Now look at what a $10 billion valuation has to be fed with. Apollo didn’t write a $2 billion check for the privilege of holding prices flat. Platform economics run on margin expansion, and the lever that moves fastest is price. Debt service doesn’t take the summer off. So the acquired shop’s pricebook climbs, the replacement quotas climb with it, and the techs who got into the trade to fix things start getting measured like a sales floor. Some of them leave. The founder, the person whose name is on the trucks and whose handshake built the review count, is usually gone within a few years of close.

Which is why a competitor selling can be the best thing that happens to your year, if you’re set up to collect. Three windows open. Their price increases build an umbrella over your market: you can hold price and take share, or follow them up and take margin.

Their unsettled techs become your recruiting class, and the best ones move in the first year, not the fifth. And their identity gets blurry at exactly the moment yours gets sharper, because “locally owned, the owner still picks up” stops being wallpaper and becomes the single clearest difference between you and the shop across town with the familiar name and the new playbook. You don’t have to say a word about who owns them. The homeowner notices on her own when the tune-up turns into a pitch.

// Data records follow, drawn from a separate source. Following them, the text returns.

theorem lemma3p2:
  fixes \<Gamma> :: "'n::finite euc set" and V :: "(real^'n) set" and T :: "(real^'n^'n) set"
  assumes sub: "euc_subgroup \<Gamma>"
    and disc: "discrete_set \<Gamma>"
    and fpf: "fixed_point_free \<Gamma>"
    and normal: "\<forall>x\<in>\<Gamma>. \<forall>y\<in>Gamma_star \<Gamma>. euc_mult (euc_mult x y) (euc_inv x) \<in> Gamma_star \<Gamma>"
    and fin_index: "\<exists>F. finite F \<and> F \<subseteq> \<Gamma> \<and> \<Gamma> = (\<Union>f\<in>F. euc_mult f ` Gamma_star \<Gamma>)"
    and V: "subspace V"
    and T: "toral_subgroup T"
    and T_triv: "\<forall>t\<in>T. \<forall>v\<in>V. t *v v = v"
    and star_TV: "\<forall>y\<in>Gamma_star \<Gamma>. fst y \<in> T \<and> snd y \<in> V"
    and star_inj: "inj_on snd (Gamma_star \<Gamma>)"
    and lat_disc: "discrete_set (snd ` Gamma_star \<Gamma>)"
    and lat_unif: "\<exists>K. compact K \<and> V \<subseteq> {l + k | l k. l \<in> snd ` Gamma_star \<Gamma> \<and> k \<in> K}"
  shows "(\<exists>C. \<forall>(g, a)\<in>\<Gamma>. norm (perp_part V a) \<le> C) \<and>
         (\<forall>(g, a)\<in>\<Gamma>. (\<forall>x\<in>perp_space V. g *v x = x) \<longrightarrow> perp_part V a = 0)"
proof -
  obtain F where F: "finite F" "F \<subseteq> \<Gamma>" "\<Gamma> = (\<Union>f\<in>F. euc_mult f ` Gamma_star \<Gamma>)"
    using fin_index by blast
  have orth: "orthogonal_matrix (fst x)" if "x \<in> \<Gamma>" for x
    using sub that by (auto simp: euc_subgroup_def euc_group_def)
  let ?C = "\<Sum>f\<in>F. norm (snd f)"
  have bounded: "\<forall>(g, a)\<in>\<Gamma>. norm (perp_part V a) \<le> ?C"
  proof (clarify)
    fix g a assume ga: "(g, a) \<in> \<Gamma>"
    then obtain f y where f: "f \<in> F" and y: "y \<in> Gamma_star \<Gamma>" and fy: "(g, a) = euc_mult f y"
      using F(3) by blast
    have "f \<in> \<Gamma>" using f F(2) by blast
    then have "euc_mult (euc_mult f y) (euc_inv f) \<in> Gamma_star \<Gamma>" using normal y by blast
    then have "norm (perp_part V (snd (euc_mult f y))) \<le> norm (snd f)"
      using \<open>f \<in> \<Gamma>\<close> ga star_TV
      by (intro norm_perp_part_euc_mult_le[OF V] orth) (simp_all flip: fy)
    also have "\<dots> \<le> ?C" using f F(1) by (intro member_le_sum) auto
    finally show "norm (perp_part V a) \<le> ?C" by (simp flip: fy)
  qed
  then show ?thesis using perp_part_eq_0_if_bounded[OF sub V] by blast
qed

end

None of this is automatic. An independent with 47-minute speed to lead and an unmanaged LSA profile collects none of it. The windows open either way. Whether anything comes through them is an operations question, which brings us to the playbook.

What the data says to do with the back half of 2026

So how does an independent beat doubled prices and platform competition in the same year? With the same playbook, because they’re the same fight: both come down to running a tighter operation than the math your competitors are stuck with. It has three moves, and none of them are glamorous.

Run repair like it’s a profit center, because it is one now. At a third of revenue and climbing, repair stopped being the loss leader you tolerate between installs. Dispatch efficiency, repair pricing discipline, and first-visit completion rates are margin drivers this year.

And with the federal urgency lever gone, the repair call is also the only honest replacement pipeline you have left. The tech standing in front of a 19-year-old condenser is your best marketing channel, if he’s equipped to start that conversation instead of just clearing the ticket.

Build your incentive answer sheet before the homeowner asks. One afternoon: list every state rebate, utility program, and financing option live in your service area, by city, with current numbers. Train it. Most of your competitors won’t bother, because it’s boring. Boring and accurate beats enthusiastic and wrong in every market we’ve ever looked at.

Choose density over distance. In a softer demand year with acquisition costs up, route density and repeat-customer economics beat planting a flag two counties over. The math on geographic expansion still works in specific situations, but it works because the operator went in with a plan, not because the map looked empty.

One more, whether or not you ever take a meeting: know your number. Add-ons trading at 4 to 8 times EBITDA means every point of margin you add this year compounds twice, once in the P&L and once in what the business is worth. Running the company like someone might buy it someday is indistinguishable from running it well.

The spreadsheet can’t see you

Everything in that analyst’s model is true. The housing stock really is aging. The incomes really do support premium tickets. The shipment curves point where they point. And none of it knows which dispatcher answers your phones at 6am, whose yard signs sit in which neighborhoods, or who gets greeted by name at the supply house counter.

The data describes the market. It cannot see the operator. That gap is the real state of the HVAC industry in 2026: the buyer is betting the data is enough, and you’re betting it isn’t. One of you is right, and it gets decided one service call at a time.